Companies, organizations tackle the mental health of young people

A major entertainment studio says it will feature mental health storylines in teen-focused shows. Famous athletes say they will help destigmatize mental health talk among young people. A Los Angeles-based nonprofit is expanding training for professional youth mentors.

Major tech companies, media companies, local groups, youth leaders, basketball players and educators pledge to come together in response to the US Surgeon General’s health advisory last December, warning of an “urgent” need to address a national youth crisis. .

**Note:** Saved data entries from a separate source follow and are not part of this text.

lemma chebH_simple_root:
  assumes "w \<noteq> 0" "chebH n z w = 0"
  shows "dchebH n z w \<noteq> 0"
proof (cases n)
  case (Suc n')
  show ?thesis
  proof
    assume "dchebH n z w = 0"
    with dchebH_identity[of w z n'] assms Suc have "2 * of_nat (n' + 2) * w\<^sup>2 * chebH n' z w = 0"
      by simp
    moreover have "(of_nat (n' + 2) :: complex) \<noteq> 0"
      by (simp only: of_nat_eq_0_iff)
    ultimately have "chebH n' z w = 0"
      using assms(1) by (metis mult_eq_0_iff power_eq_0_iff zero_neq_numeral)
    with assms chebH_consecutive_not_both_0[of z w n'] Suc show False
      by simp
  qed
qed (use assms in simp)

section \<open>Counting roots\<close>

lemma rsquarefree_roots_finite_card:
  fixes p :: "complex poly"
  assumes "rsquarefree p"
  shows "finite {z. poly p z = 0} \<and> card {z. poly p z = 0} = degree p"
proof
  have "p \<noteq> 0"
    using assms unfolding rsquarefree_def by blast
  then show "finite {z. poly p z = 0}"
    by (rule poly_roots_finite)
  have "degree p = degree (smult (lead_coeff p) (\<Prod>z | poly p z = 0. [:- z, 1:]))"
    using complex_poly_decompose_rsquarefree[OF assms] by simp
  also have "\<dots> = degree (\<Prod>z | poly p z = 0. [:- z, 1:])"
    using \<open>p \<noteq> 0\<close> by simp
  also have "\<dots> = (\<Sum>z | poly p z = 0. degree [:- z, 1:])"
    by (rule degree_prod_sum_eq) simp
  finally show "card {z. poly p z = 0} = degree p"
    by simp
qed

fun cheb_poly :: "nat \<Rightarrow> complex poly" where
  "cheb_poly 0 = 1"
| "cheb_poly (Suc 0) = [:0, 1:]"
| "cheb_poly (Suc (Suc n)) = pCons 0 (cheb_poly (Suc n)) - cheb_poly n"

lemma poly_cheb_poly: "poly (cheb_poly n) z = chebH n z 1"
  by (induction n rule: cheb_poly.induct) auto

During a visit to Los Angeles on Tuesday, Surgeon General Dr. Vivek Murthy lists at least 30 entities with promising intentions.

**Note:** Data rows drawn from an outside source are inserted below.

lemma tagged_division_interior:
  fixes D :: "(real \<times> real set) set"
  assumes "D tagged_division_of {p..q}" "(x, K) \<in> D"
  shows "interior K = {Inf K<..<Sup K}"
  using interior_atLeastAtMost_real[of "Inf K" "Sup K"]
  by (simp only: tagged_division_ofD_Icc(1)[OF assms, symmetric])

lemma tagged_division_nonoverlap:
  fixes D :: "(real \<times> real set) set"
  assumes D: "D tagged_division_of {p..q}" and in_D: "(x, K) \<in> D" "(x', K') \<in> D"
    and "(x, K) \<noteq> (x', K')" and nondeg: "Inf K < Sup K" "Inf K' < Sup K'"
  shows "Sup K \<le> Inf K' \<or> Sup K' \<le> Inf K"
proof (rule ccontr)
  assume "\<not> (Sup K \<le> Inf K' \<or> Sup K' \<le> Inf K)"
  then have "max (Inf K) (Inf K') < min (Sup K) (Sup K')"
    using nondeg by (auto simp: max_def min_def)
  then have "(max (Inf K) (Inf K') + min (Sup K) (Sup K')) / 2 \<in> interior K \<inter> interior K'"
    unfolding tagged_division_interior[OF D in_D(1)] tagged_division_interior[OF D in_D(2)] by auto
  moreover have "interior K \<inter> interior K' = {}"
    using tagged_division_ofD(5)[OF D in_D] assms(4) by blast
  ultimately show False
    by blast
qed

lemma tagged_division_tag_side_inj:
  fixes D :: "(real \<times> real set) set"
  assumes D: "D tagged_division_of {p..q}"
  shows "inj_on (\<lambda>(x, K). (x, x < Sup K)) {(x, K) \<in> D. Inf K < Sup K}"
proof (rule inj_onI, clarsimp, rule ccontr)
  fix x K K' assume in_D: "(x, K) \<in> D" "(x, K') \<in> D" and nondeg: "Inf K < Sup K" "Inf K' < Sup K'"
    and side: "(x < Sup K) = (x < Sup K')" and "K \<noteq> K'"
  have "Sup K \<le> Inf K' \<or> Sup K' \<le> Inf K"
    using tagged_division_nonoverlap[OF D in_D _ nondeg] \<open>K \<noteq> K'\<close> by blast
  then show False
    using side nondeg tagged_division_ofD_Icc(2,3)[OF D in_D(1)] tagged_division_ofD_Icc(2,3)[OF D in_D(2)]
    by (auto; linarith)
qed

lemma sum_power_half_inj_le:
  assumes "finite A" "inj_on n A"
  shows "(\<Sum>x\<in>A. (1/2::real) ^ n x) \<le> 2"
proof -
  have "(\<Sum>x\<in>A. (1/2::real) ^ n x) = (\<Sum>k\<in>n ` A. (1/2) ^ k)"
    by (simp add: sum.reindex[OF assms(2)] comp_def)
  also have "\<dots> \<le> (\<Sum>k. (1/2) ^ k)"
    using assms(1) by (intro sum_le_suminf summable_geometric) auto
  also have "\<dots> = 2"
    using suminf_geometric[of "1/2::real"] by simp
  finally show ?thesis .
qed

text \<open>At most two nondegenerate intervals carry the same tag, one on either side of it.\<close>
lemma sum_tagged_division_by_tags_le:
  fixes D :: "(real \<times> real set) set" and c :: "real \<Rightarrow> real set \<Rightarrow> real"
  assumes D: "D tagged_division_of {p..q}" and "G \<subseteq> D"
    and c: "\<And>x K. (x, K) \<in> G \<Longrightarrow> 0 \<le> c x K" "\<And>x K. (x, K) \<in> G \<Longrightarrow> Inf K = Sup K \<Longrightarrow> c x K = 0"
      "\<And>x K. (x, K) \<in> G \<Longrightarrow> c x K \<le> B x"
  shows "(\<Sum>(x, K)\<in>G. c x K) \<le> 2 * (\<Sum>x\<in>fst ` G. B x)"
proof -
  define G' where "G' = {(x, K) \<in> G. Inf K < Sup K}"
  have fin: "finite G"
    using \<open>G \<subseteq> D\<close> tagged_division_ofD(1)[OF D] by (rule finite_subset)
  have "Inf K \<le> Sup K" if "(x, K) \<in> G" for x K
    using tagged_division_ofD_Icc(2,3)[OF D, of x K] that \<open>G \<subseteq> D\<close> by auto
  then have "(\<Sum>(x, K)\<in>G. c x K) = (\<Sum>(x, K)\<in>G'. c x K)"
    using fin c(2) by (intro sum.mono_neutral_right) (force simp: G'_def)+
  also have "\<dots> \<le> (\<Sum>(x, K)\<in>G'. B x)"
    using c(3) by (intro sum_mono) (auto simp: G'_def)
  also have "\<dots> = (\<Sum>(x, s)\<in>(\<lambda>(x, K). (x, x < Sup K)) ` G'. B x)"
  proof -
    have "inj_on (\<lambda>(x, K). (x, x < Sup K)) G'"
      by (rule inj_on_subset[OF tagged_division_tag_side_inj[OF D]]) (use \<open>G \<subseteq> D\<close> in \<open>auto simp: G'_def\<close>)
    then show ?thesis
      by (subst sum.reindex) (simp_all add: split_beta comp_def)
  qed
  also have "\<dots> \<le> (\<Sum>(x, s)\<in>fst ` G \<times> (UNIV :: bool set). B x)"
  proof (rule sum_mono2)
    show "finite (fst ` G \<times> (UNIV :: bool set))"
      using fin by simp
    show "(\<lambda>(x, K). (x, x < Sup K)) ` G' \<subseteq> fst ` G \<times> UNIV"
      by (force simp: G'_def)
    show "0 \<le> (case z of (x, s) \<Rightarrow> B x)" if "z \<in> fst ` G \<times> UNIV - (\<lambda>(x, K). (x, x < Sup K)) ` G'" for z
      using that c(1,3) by (force intro: order.trans)
  qed
  also have "\<dots> = 2 * (\<Sum>x\<in>fst ` G. B x)"
    by (simp add: sum.cartesian_product[symmetric] UNIV_bool sum_distrib_left)
  finally show ?thesis .
qed

lemma tagged_subdivision_intervals:
  fixes D :: "(real \<times> real set) set" and g :: "real \<Rightarrow> real \<Rightarrow> real"
  assumes D: "D tagged_division_of {p..q}" and "G \<subseteq> D" and G: "\<Union>(snd ` G) \<subseteq> {c..d}"
    and g: "\<And>u. g u u = 0"
  obtains S where "nonoverlapping_intervals c d S"
    "\<And>u v. (u, v) \<in> S \<Longrightarrow> \<exists>x. (x, {u..v}) \<in> G"
    "(\<Sum>(x, K)\<in>G. g (Inf K) (Sup K)) = (\<Sum>(u, v)\<in>S. g u v)"
proof -
  define G' where "G' = {(x, K) \<in> G. Inf K < Sup K}"
  define S where "S = (\<lambda>(x, K). (Inf K, Sup K)) ` G'"
  have fin: "finite G"
    using \<open>G \<subseteq> D\<close> tagged_division_ofD(1)[OF D] by (rule finite_subset)
  have Icc: "K = {Inf K..Sup K}" "Inf K \<le> Sup K" if "(x, K) \<in> G" for x K
    using tagged_division_ofD_Icc[OF D, of x K] that \<open>G \<subseteq> D\<close> by auto
  have nonoverlap: "Sup K \<le> Inf K' \<or> Sup K' \<le> Inf K"
    if "(x, K) \<in> G'" "(x', K') \<in> G'" "(x, K) \<noteq> (x', K')" for x K x' K'
    using that \<open>G \<subseteq> D\<close> by (intro tagged_division_nonoverlap[OF D]) (auto simp: G'_def)
  have inj: "inj_on (\<lambda>(x, K). (Inf K, Sup K)) G'"
    by (rule inj_onI) (use nonoverlap in \<open>fastforce simp: G'_def\<close>)
  show ?thesis
  proof
    show "nonoverlapping_intervals c d S"
      unfolding nonoverlapping_intervals_def S_def
    proof (intro conjI)
      have "finite G'"
        unfolding G'_def using fin by (rule rev_finite_subset) auto
      then show "finite ((\<lambda>(x, K). (Inf K, Sup K)) ` G')"
        by simp
      show "\<forall>(u, v)\<in>(\<lambda>(x, K). (Inf K, Sup K)) ` G'. c \<le> u \<and> u \<le> v \<and> v \<le> d"
        using G Icc by (fastforce simp: G'_def)
      show "\<forall>(u, v)\<in>(\<lambda>(x, K). (Inf K, Sup K)) ` G'. \<forall>(u', v')\<in>(\<lambda>(x, K). (Inf K, Sup K)) ` G'.
          (u, v) \<noteq> (u', v') \<longrightarrow> v \<le> u' \<or> v' \<le> u"
        using nonoverlap by fastforce
    qed
    show "\<exists>x. (x, {u..v}) \<in> G" if "(u, v) \<in> S" for u v
      using that Icc by (fastforce simp: S_def G'_def)
    have "(\<Sum>(x, K)\<in>G. g (Inf K) (Sup K)) = (\<Sum>(x, K)\<in>G'. g (Inf K) (Sup K))"
      using fin Icc g by (intro sum.mono_neutral_right) (force simp: G'_def)+
    also have "\<dots> = (\<Sum>(u, v)\<in>S. g u v)"
      unfolding S_def by (subst sum.reindex[OF inj]) (simp add: split_beta)
    finally show "(\<Sum>(x, K)\<in>G. g (Inf K) (Sup K)) = (\<Sum>(u, v)\<in>S. g u v)" .
  qed
qed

“What led to the youth mental health crisis was complex,” Murthy said, “and there should be many different sectors working together — from educational institutions to policymakers to foundations to technology companies and much more.

“However, it is a first step of many that we need to take,” he added, to address the higher suicide rates, untreated mental disorders and anxiety and stress exacerbated by the COVID-19 pandemic.

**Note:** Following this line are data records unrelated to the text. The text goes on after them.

text \<open>Take a regular (2k+1)-gon on a unit circle in a 2-plane as Q, and as P the midpoints of its
  diagonals joining vertex i to vertex i + k. A convex set containing Q contains P, so Q cannot be
  the single convex side. If P lies in the convex side S, the two endpoints of each diagonal lie in
  different convex sets T0, T1, so membership in T0 two-colours the cycle i \<mapsto> i + k, which has
  odd length 2k+1: impossible. All midpoints lie in the disc of radius \<rho> = cos(\<pi>k/(2k+1)), and
  once one vertex is removed the remaining 2k vertices form two arcs of k consecutive vertices,
  each cut off from that disc by a half-plane. Subpairs with at most N points miss a vertex as
  soon as 2k+1 > N.\<close>

lemma separable_1_2_iff:
  "separable 1 2 P Q \<longleftrightarrow>
    (\<exists>S T0 T1. convex S \<and> convex T0 \<and> convex T1 \<and> S \<inter> (T0 \<union> T1) = {} \<and>
      ((P \<subseteq> S \<and> Q \<subseteq> T0 \<union> T1) \<or> (Q \<subseteq> S \<and> P \<subseteq> T0 \<union> T1)))"
proof -
  have one: "{..<1::nat} = {0}" and two: "{..<2::nat} = {0, 1}" by auto
  show ?thesis
  proof
    assume "separable 1 2 P Q"
    then obtain S T :: "nat \<Rightarrow> _" where "convex (S 0)" "convex (T 0)" "convex (T 1)"
      "S 0 \<inter> (T 0 \<union> T 1) = {}"
      "(P \<subseteq> S 0 \<and> Q \<subseteq> T 0 \<union> T 1) \<or> (Q \<subseteq> S 0 \<and> P \<subseteq> T 0 \<union> T 1)"
      unfolding separable_def one two by (auto simp: less_2_cases_iff)
    then show "\<exists>S T0 T1. convex S \<and> convex T0 \<and> convex T1 \<and> S \<inter> (T0 \<union> T1) = {} \<and>
      ((P \<subseteq> S \<and> Q \<subseteq> T0 \<union> T1) \<or> (Q \<subseteq> S \<and> P \<subseteq> T0 \<union> T1))" by blast
  next
    assume "\<exists>S T0 T1. convex S \<and> convex T0 \<and> convex T1 \<and> S \<inter> (T0 \<union> T1) = {} \<and>
      ((P \<subseteq> S \<and> Q \<subseteq> T0 \<union> T1) \<or> (Q \<subseteq> S \<and> P \<subseteq> T0 \<union> T1))"
    then obtain S T0 T1 where "convex S" "convex T0" "convex T1" "S \<inter> (T0 \<union> T1) = {}"
      "(P \<subseteq> S \<and> Q \<subseteq> T0 \<union> T1) \<or> (Q \<subseteq> S \<and> P \<subseteq> T0 \<union> T1)" by blast
    then show "separable 1 2 P Q"
      unfolding separable_def one two
      by - (rule exI[of _ "\<lambda>_. S"], rule exI[of _ "\<lambda>j. if j = 0 then T0 else T1"],
        simp add: less_2_cases_iff Un_commute)
  qed
qed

Pivotal Ventures, an investment and incubation firm founded by Melinda French Gates “to advance social progress,” will work to expand access to mental health services for young people of color, as well as LGTBQ youth and their families.

In addition, the Black Sheep Agency will design a “youth-focused brand campaign” to destigmatize conversations about mental health; the Miami Heat will use basketball players for the same purpose.

“When I talk to young people and ask them, ‘Why don’t you feel comfortable telling someone you’re feeling down?’ they say, ‘Well, you know, I just don’t want people to think I’m broken in some way. I don’t want them to think there’s something wrong with me, that I’m not worth living with anymore,” Murthy said.

That stigma needs to be overcome, he added.

The Annie E. Casey Foundation will collect mental health data to better inform policymakers, while the Healthy Gamer Foundation has committed to developing products that promote positive behavior online.

TV network the CW has committed to addressing the issue on its shows, “which will be very powerful in changing the mental health story for young people and demystifying mental health treatment and conversations,” Murthy said.

Locally, the California Endowment is deploying $1 million in new funding for a “youth mental health and coalition building campaign,” and Friends of the Children-Los Angeles is expanding its training and clinical support for professional youth mentors.

Some of these contributions are new or in the making, while some represent the ongoing efforts Murthy wants to encourage to continue and expand.

Funding for the effort can be difficult to quantify. In some cases, the contribution focuses on using existing resources, although the Vistria Group, an investment company, has pledged $250 million to fund youth mental health providers.

In December, Murthy released the Surgeon General’s Advisory on Protecting Youth Mental Health, calling for “a prompt and comprehensive response” from individuals, families, community organizations, foundations, media, government and technology companies.

In some cases, he noted, solutions have to come from tech companies that are arguably part of the problem.

The Surgeon General praised Meta, the parent company of Facebook and Instagram, for its continued efforts, including rolling out “nudges” that encourage teens to “take a break” from social media or move to other areas of potential interest. These “are based on expert guidance, as well as internal and external research suggesting that nudges can help change behavior online,” according to a statement from the surgeon general.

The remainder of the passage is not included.